◆ WORK ORDER
Could you copy exactly the lines from the one containing "(\<forall>r \<in> carrier" through the last line of the records below, and nothing else?

■ ■ ■ ■ ■

(* Let $R$ be an $F$-finite $F$-pure ring of prime characteristic $p$, let $\mathfrak a,J$ be ideals with $\mathfrak a\subseteq\sqrt J$, and let $\overline R=R/\mathcal P(J)$ with images $\overline{\mathfrak a},\overline J$. Then $\operatorname{ct}_J(\mathfrak a)\le\operatorname{ct}_{\overline J}(\overline{\mathfrak a})$. In particular, if $R$ is local (or standard graded) with (homogeneous) maximal ideal $\mathfrak m$ and $\overline R=R/\mathcal P(\mathfrak m)$, then $\operatorname{fpt}(\mathfrak a)\le\operatorname{fpt}(\overline{\mathfrak a})$.
   Context: $J_e=\{f\in R\mid \varphi(f^{1/p^e})\in J \text{ for all }\varphi\in\operatorname{Hom}_R(R^{1/p^e},R)\}$; $\mathcal P(J)=\bigcap_{s\in\mathbb N}J_s$ (Cartier core); $b^J_{\mathfrak a}(p^e)=\max\{t\in\mathbb N\mid\mathfrak a^t\not\subseteq J_e\}$ and $\operatorname{ct}_J(\mathfrak a)=\lim_{e\to\infty}b^J_{\mathfrak a}(p^e)/p^e$, with the analogous notions in $\overline R$; $\operatorname{fpt}(\mathfrak a)=\operatorname{ct}_{\mathfrak m}(\mathfrak a)$. *)

theory Defs
  imports Complex_Main "HOL-Algebra.Algebra"
begin

text \<open>A p^{-e}-linear map \<phi> : R \<rightarrow> R is an element of
  Hom_R(R^{1/p^e}, R) written on R itself: \<phi>(f^{1/p^e}) corresponds to \<phi> f.\<close>

definition frob_linear :: "('a, 'b) ring_scheme \<Rightarrow> nat \<Rightarrow> nat \<Rightarrow> ('a \<Rightarrow> 'a) \<Rightarrow> bool" where
  "frob_linear R p e \<phi> \<longleftrightarrow>
     \<phi> \<in> carrier R \<rightarrow> carrier R \<and>
     (\<forall>x \<in> carrier R. \<forall>y \<in> carrier R. \<phi> (x \<oplus>\<^bsub>R\<^esub> y) = \<phi> x \<oplus>\<^bsub>R\<^esub> \<phi> y) \<and>
     (\<forall>r \<in> carrier R. \<forall>s \<in> carrier R.
        \<phi> ((r [^]\<^bsub>R\<^esub> (p ^ e)) \<otimes>\<^bsub>R\<^esub> s) = r \<otimes>\<^bsub>R\<^esub> \<phi> s)"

■ ■ ■ ■ ■

◆ EXERCISE SOLUTION
     (\<forall>r \<in> carrier R. \<forall>s \<in> carrier R.
        \<phi> ((r [^]\<^bsub>R\<^esub> (p ^ e)) \<otimes>\<^bsub>R\<^esub> s) = r \<otimes>\<^bsub>R\<^esub> \<phi> s)"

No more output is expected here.